▶ **SUPPLIED INFORMATION**:
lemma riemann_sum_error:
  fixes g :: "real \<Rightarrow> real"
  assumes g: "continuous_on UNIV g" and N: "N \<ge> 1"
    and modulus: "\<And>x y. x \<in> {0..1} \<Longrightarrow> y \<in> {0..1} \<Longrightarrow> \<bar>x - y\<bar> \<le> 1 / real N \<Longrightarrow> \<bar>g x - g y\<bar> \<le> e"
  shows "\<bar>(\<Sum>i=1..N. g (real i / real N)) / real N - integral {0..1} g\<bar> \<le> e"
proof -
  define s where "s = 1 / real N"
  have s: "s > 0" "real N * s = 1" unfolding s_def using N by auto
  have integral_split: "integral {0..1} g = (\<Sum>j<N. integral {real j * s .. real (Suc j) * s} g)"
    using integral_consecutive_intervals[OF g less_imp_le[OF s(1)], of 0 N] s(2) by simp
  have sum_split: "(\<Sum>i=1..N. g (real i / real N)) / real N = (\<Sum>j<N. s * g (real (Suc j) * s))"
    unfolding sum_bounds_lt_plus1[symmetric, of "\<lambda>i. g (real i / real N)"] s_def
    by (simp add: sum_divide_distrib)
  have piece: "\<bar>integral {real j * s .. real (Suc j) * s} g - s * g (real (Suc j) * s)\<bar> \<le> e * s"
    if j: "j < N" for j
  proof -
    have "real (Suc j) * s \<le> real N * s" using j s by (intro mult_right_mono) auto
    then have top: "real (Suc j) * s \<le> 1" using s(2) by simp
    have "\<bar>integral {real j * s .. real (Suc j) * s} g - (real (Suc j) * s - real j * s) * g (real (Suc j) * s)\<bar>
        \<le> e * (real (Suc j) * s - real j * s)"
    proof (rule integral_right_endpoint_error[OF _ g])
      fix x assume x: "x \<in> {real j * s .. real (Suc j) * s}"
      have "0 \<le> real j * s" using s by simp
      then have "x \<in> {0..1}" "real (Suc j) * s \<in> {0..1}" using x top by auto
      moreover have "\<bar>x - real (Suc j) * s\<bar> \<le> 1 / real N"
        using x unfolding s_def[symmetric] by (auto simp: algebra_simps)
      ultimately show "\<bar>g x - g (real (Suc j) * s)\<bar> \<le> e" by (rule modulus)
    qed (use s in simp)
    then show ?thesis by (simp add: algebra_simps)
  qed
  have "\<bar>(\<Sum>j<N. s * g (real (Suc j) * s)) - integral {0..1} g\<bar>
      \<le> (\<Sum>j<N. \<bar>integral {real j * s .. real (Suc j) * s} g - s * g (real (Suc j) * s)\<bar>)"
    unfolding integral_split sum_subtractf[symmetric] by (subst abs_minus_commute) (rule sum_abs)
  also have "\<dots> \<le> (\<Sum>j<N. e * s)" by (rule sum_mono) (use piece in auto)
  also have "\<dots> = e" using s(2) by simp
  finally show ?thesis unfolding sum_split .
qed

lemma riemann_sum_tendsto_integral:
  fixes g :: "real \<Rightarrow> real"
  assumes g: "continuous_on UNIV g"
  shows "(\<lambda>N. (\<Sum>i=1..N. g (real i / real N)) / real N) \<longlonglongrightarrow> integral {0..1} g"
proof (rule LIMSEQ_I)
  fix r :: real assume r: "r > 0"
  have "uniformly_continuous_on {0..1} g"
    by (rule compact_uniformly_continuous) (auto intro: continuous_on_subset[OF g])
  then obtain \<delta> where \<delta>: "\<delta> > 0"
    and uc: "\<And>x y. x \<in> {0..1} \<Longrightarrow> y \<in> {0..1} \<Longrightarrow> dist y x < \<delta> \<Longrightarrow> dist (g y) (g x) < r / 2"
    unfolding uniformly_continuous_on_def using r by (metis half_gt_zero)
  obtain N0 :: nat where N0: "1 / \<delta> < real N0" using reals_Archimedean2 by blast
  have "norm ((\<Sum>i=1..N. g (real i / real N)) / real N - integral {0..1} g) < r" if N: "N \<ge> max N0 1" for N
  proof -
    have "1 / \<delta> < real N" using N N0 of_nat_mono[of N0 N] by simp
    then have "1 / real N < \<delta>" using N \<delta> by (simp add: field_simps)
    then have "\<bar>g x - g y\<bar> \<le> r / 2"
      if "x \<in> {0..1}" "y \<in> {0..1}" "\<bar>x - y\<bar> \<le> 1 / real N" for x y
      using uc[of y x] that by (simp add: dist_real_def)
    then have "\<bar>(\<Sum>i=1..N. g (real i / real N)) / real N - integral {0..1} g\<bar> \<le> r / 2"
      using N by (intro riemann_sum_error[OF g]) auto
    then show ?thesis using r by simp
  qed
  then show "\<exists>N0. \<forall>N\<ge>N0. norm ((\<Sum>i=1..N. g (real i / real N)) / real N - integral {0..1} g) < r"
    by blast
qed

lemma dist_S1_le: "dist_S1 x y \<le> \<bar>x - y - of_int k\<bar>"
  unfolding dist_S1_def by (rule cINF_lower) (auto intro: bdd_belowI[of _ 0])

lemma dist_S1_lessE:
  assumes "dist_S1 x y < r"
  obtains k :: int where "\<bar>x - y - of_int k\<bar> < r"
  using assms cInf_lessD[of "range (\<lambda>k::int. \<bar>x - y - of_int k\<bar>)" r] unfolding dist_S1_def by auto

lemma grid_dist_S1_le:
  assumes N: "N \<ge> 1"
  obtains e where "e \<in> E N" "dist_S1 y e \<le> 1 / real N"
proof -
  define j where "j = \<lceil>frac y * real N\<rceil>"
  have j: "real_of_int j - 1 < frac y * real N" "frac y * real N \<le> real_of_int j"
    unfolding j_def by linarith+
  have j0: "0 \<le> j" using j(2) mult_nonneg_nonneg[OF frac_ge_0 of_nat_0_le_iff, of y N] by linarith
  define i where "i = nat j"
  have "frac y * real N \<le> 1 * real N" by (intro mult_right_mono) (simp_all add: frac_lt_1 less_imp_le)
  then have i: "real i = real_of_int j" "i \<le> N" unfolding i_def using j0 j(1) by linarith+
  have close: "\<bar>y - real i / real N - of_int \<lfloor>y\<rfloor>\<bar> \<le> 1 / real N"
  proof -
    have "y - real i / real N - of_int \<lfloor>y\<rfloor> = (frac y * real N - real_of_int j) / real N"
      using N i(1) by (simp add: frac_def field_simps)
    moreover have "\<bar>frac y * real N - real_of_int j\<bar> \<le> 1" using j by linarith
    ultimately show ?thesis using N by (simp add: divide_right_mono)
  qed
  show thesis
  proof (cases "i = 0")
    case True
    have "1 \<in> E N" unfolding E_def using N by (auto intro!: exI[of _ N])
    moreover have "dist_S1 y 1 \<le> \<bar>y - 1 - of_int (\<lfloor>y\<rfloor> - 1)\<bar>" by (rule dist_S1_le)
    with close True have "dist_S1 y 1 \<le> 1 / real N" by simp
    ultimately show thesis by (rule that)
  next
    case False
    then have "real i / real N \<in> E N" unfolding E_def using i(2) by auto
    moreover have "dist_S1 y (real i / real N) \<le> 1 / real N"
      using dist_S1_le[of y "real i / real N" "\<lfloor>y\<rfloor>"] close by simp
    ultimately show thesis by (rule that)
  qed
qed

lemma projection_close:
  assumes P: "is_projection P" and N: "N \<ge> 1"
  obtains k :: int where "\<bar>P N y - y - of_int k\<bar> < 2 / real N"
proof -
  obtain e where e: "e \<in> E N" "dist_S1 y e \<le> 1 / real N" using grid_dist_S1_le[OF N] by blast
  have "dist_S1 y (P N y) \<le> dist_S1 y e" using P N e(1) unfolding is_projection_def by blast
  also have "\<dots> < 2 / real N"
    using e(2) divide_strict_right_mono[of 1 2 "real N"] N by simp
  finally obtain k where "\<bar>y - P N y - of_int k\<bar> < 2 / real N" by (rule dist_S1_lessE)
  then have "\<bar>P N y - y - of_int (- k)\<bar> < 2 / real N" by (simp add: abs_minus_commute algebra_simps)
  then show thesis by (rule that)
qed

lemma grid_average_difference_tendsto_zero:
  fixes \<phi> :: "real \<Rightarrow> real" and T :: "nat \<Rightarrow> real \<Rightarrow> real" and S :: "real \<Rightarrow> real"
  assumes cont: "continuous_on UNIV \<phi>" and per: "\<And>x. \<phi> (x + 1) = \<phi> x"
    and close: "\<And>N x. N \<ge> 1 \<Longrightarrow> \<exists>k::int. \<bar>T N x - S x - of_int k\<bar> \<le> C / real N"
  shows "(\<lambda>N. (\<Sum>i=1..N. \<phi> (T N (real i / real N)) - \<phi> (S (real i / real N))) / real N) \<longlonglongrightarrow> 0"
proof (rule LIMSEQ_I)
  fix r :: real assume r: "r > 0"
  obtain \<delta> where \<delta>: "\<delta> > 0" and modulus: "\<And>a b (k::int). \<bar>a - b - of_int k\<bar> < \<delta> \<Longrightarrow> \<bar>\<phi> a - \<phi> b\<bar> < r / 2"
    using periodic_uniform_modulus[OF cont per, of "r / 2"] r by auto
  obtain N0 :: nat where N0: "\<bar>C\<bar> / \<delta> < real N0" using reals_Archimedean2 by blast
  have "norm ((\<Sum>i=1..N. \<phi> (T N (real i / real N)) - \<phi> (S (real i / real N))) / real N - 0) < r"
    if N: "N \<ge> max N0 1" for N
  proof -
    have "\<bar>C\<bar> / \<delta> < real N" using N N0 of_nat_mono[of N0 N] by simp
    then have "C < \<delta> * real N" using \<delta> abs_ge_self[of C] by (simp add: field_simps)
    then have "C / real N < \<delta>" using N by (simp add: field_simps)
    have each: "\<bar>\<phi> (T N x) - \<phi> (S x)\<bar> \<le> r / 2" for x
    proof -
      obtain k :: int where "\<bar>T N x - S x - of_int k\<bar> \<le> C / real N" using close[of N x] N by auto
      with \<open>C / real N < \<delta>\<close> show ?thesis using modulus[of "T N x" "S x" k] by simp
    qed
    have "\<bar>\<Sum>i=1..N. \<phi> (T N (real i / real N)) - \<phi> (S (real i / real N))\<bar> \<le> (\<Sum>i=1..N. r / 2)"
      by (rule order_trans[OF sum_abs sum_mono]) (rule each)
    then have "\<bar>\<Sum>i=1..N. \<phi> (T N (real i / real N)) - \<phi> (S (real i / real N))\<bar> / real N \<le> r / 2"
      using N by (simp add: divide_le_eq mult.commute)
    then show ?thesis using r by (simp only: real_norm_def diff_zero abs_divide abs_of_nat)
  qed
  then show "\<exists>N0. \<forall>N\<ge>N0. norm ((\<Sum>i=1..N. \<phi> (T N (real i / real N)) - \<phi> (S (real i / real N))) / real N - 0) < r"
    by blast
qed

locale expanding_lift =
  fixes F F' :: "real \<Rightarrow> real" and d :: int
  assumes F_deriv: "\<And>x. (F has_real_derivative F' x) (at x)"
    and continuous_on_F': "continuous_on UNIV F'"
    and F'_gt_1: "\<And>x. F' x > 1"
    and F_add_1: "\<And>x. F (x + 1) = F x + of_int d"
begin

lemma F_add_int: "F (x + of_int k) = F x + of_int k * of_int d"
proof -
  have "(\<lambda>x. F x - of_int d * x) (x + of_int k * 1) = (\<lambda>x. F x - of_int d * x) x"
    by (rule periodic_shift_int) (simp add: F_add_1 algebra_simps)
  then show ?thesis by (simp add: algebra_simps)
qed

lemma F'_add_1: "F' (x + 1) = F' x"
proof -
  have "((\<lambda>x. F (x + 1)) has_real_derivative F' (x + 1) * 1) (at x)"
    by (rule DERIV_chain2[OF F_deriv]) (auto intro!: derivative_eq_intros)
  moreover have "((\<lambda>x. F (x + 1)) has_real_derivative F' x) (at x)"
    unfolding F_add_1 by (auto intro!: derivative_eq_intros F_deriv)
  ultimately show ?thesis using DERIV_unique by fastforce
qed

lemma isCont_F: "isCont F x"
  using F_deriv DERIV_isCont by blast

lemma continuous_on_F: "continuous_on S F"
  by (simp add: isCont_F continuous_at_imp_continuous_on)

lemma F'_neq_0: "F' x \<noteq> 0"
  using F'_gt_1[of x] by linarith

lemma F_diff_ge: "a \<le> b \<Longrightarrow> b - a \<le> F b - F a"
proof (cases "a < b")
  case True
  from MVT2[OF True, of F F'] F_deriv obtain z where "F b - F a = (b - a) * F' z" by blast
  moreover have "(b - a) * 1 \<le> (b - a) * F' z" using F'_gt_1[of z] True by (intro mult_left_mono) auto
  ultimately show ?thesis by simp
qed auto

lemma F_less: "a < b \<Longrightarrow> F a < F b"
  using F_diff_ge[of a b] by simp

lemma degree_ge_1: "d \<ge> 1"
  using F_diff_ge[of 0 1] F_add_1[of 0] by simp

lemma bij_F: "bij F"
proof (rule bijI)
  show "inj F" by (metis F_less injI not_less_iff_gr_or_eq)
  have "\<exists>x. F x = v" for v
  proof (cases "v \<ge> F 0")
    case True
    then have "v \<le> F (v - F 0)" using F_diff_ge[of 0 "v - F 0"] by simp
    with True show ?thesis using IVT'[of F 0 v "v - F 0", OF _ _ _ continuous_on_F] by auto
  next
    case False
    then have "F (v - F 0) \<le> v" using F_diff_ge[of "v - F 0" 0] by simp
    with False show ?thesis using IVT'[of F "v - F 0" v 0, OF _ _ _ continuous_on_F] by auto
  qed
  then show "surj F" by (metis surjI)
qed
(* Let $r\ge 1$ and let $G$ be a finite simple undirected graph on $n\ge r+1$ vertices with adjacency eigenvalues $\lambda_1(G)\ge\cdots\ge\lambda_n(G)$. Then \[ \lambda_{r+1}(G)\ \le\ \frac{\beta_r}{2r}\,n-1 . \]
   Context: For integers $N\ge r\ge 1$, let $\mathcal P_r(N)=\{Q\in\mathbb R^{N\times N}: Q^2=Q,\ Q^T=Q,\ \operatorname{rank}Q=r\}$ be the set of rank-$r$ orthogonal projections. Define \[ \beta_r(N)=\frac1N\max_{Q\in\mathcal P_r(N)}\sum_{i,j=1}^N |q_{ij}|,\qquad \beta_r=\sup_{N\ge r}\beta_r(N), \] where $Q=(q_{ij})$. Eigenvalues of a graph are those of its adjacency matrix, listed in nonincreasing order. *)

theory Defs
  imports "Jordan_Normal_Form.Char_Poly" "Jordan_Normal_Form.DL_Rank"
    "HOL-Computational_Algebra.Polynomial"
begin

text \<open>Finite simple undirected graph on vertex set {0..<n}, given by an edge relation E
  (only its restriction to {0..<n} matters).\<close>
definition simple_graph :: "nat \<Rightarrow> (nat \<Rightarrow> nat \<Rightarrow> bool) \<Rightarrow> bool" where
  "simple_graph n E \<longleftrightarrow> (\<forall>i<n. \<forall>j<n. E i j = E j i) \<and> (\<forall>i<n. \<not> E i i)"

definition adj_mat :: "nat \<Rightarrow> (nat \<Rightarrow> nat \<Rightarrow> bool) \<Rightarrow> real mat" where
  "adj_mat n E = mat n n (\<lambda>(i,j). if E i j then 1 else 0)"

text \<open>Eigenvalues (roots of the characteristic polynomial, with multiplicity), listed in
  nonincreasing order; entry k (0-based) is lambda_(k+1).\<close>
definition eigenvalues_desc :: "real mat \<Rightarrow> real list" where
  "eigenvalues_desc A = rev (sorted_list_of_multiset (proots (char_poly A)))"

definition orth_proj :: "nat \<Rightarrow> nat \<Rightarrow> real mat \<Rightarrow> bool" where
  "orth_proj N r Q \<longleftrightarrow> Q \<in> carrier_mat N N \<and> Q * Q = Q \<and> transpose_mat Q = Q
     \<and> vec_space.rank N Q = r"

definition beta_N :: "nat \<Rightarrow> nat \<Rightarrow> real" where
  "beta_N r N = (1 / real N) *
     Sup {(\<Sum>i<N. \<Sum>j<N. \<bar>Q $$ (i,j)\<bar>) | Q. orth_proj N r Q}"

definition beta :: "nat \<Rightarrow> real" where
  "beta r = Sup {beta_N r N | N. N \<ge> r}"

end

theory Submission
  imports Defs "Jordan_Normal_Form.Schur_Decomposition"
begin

▶ **TASK BRIEF**:
Gather every line from the listing above in which "open" appears, and copy those lines.

▶ **ANSWER TO THE EXERCISE**:
      with \<open>C / real N < \<delta>\<close> show ?thesis using modulus[of "T N x" "S x" k] by simp
text \<open>Finite simple undirected graph on vertex set {0..<n}, given by an edge relation E
text \<open>Eigenvalues (roots of the characteristic polynomial, with multiplicity), listed in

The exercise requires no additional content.